Related Work & Insights¶
- Comparison with ASTRA and SPO-VLM: CARE utilizes causal analysis for precise localization instead of coarse-grained intervention, and uses non-linear RBF kernels/generalized eigenvalue decomposition instead of linear steering.
- Comparison with Refusal Pairs (Fine-tuning): CARE requires no retraining and achieves superior results.
- Causal mediation analysis, while used in NLP interpretability, is applied here for the first time to VLM safety localization.
- Generalized eigenvalue decomposition, common in classical discriminant analysis (LDA), is innovatively used to separate safety and malicious directions.
Technical Details¶
- RBF Kernel Bandwidth: \(\sigma = \sqrt{0.5 \cdot \text{median}(D_{ij})}\), adaptive to data distribution.
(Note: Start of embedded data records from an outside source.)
lemma sol_W2inf_bound:
  assumes "L2_pos u0" "1 \<le> t" "0 < x"
  defines "M \<equiv> sqrt (LBINT y:{0<..}. (u0 y)\<^sup>2) * sqrt (5 * sqrt (4 * pi * t))"
  shows "\<bar>sol u0 t x\<bar> \<le> 5 * M / sqrt (4 * pi * t)"
    and "\<bar>deriv (sol u0 t) x\<bar> \<le> 5 * M / sqrt (4 * pi * t)"
    and "\<bar>deriv (deriv (sol u0 t)) x\<bar> \<le> 5 * M / sqrt (4 * pi * t)"
proof -
  define F where "F = (\<lambda>q. kernel_integral (zero_ext u0) q (-1) t)"
  define G where "G = (\<lambda>q. kernel_integral (zero_ext u0) q 1 (- t))"
  have t: "0 < t"
    using assms(2) by simp
  have "\<bar>F q x\<bar> \<le> M" "\<bar>G q x\<bar> \<le> M" if "gauss_dominated t q" for q
    using abs_kernel_integral_gauss_dominated_le(2)[OF L2_pos_zero_ext(1,2)[OF assms(1)] t that]
    by (simp_all add: F_def G_def M_def L2_pos_zero_ext(3)[OF assms(1)])
  note bounds = this[OF gauss_dominated_gauss[OF t]] this[OF gauss_dominated_gauss_deriv[OF assms(2)]]
    this[OF gauss_dominated_gauss_deriv2[OF assms(2)]]
  note damp = abs_diff_exp_neg_mult_le[OF less_imp_le[OF assms(3)]]
  have num0: "\<bar>F (gauss t) x - exp (- x) * G (gauss t) x\<bar> \<le> 5 * M"
    using bounds(1,2) damp[of "F (gauss t) x" "G (gauss t) x"] by linarith
  have num1: "\<bar>F (gauss_deriv t) x - exp (- x) * (G (gauss_deriv t) x - G (gauss t) x)\<bar> \<le> 5 * M"
    using bounds(2-4) damp[of "F (gauss_deriv t) x" "G (gauss_deriv t) x - G (gauss t) x"]
      abs_triangle_ineq4[of "G (gauss_deriv t) x" "G (gauss t) x"] by linarith
  have num2: "\<bar>F (gauss_deriv2 t) x
          - exp (- x) * (G (gauss_deriv2 t) x - 2 * G (gauss_deriv t) x + G (gauss t) x)\<bar> \<le> 5 * M"
    using bounds(2,4-6)
      damp[of "F (gauss_deriv2 t) x" "G (gauss_deriv2 t) x - 2 * G (gauss_deriv t) x + G (gauss t) x"]
      abs_triangle_ineq[of "G (gauss_deriv2 t) x - 2 * G (gauss_deriv t) x" "G (gauss t) x"]
      abs_triangle_ineq4[of "G (gauss_deriv2 t) x" "2 * G (gauss_deriv t) x"]
    by (simp add: abs_mult)
  have scale: "\<bar>N / sqrt (4 * pi * t)\<bar> \<le> 5 * M / sqrt (4 * pi * t)" if "\<bar>N\<bar> \<le> 5 * M" for N
    using that t by (simp add: abs_divide divide_right_mono)
  show "\<bar>sol u0 t x\<bar> \<le> 5 * M / sqrt (4 * pi * t)"
    using sol_eq_kernel_integrals[OF assms(1) t] scale[OF num0] by (simp add: F_def G_def)
  show "\<bar>deriv (sol u0 t) x\<bar> \<le> 5 * M / sqrt (4 * pi * t)"
    using deriv_sol(1)[OF assms(1,2)] scale[OF num1] by (simp add: F_def G_def)
  show "\<bar>deriv (deriv (sol u0 t)) x\<bar> \<le> 5 * M / sqrt (4 * pi * t)"
    using deriv_sol(2)[OF assms(1,2)] scale[OF num2] by (simp add: F_def G_def)
qed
- Kernel Centering: Visual one-sided \(\tilde{K} = K_{cross}H_t\), textual two-sided \(\tilde{K} = HKH\).
- Safety Projection: \(h' = P_{safe}h + \beta(1-P_{safe})h_{benign}\).
- Fusion Weight: \(w_{vis} = \frac{\|h'_{vis}-h_{txt}\|}{\|h'_{vis}-h\|+\|h'_{txt}-h\|}\).
- Localization Verification: Silhouette/Class Sep./Mahalanobis metrics peak at layers 16-17.
- Attack Datasets: JailbreakVBench + AdvBench + FigStep.
- General Performance: MMBench drop 2-3%, MM-Vet drop 5-8%, SQA drop 2-4%.
Rating¶
- Novelty: ⭐⭐⭐⭐⭐ First to combine causal diagnosis with dual-modal safety subspace projection.
- Experimental Thoroughness: ⭐⭐⭐⭐⭐ Comprehensive evaluation across 2 VLMs, multiple benchmarks, PGD attacks, and ablations.
- Writing Quality: ⭐⭐⭐⭐ Clear framework and deep causal analysis, though mathematical notation is dense.
- Value: ⭐⭐⭐⭐⭐ Significant practical implications for VLM defense, deployable without retraining.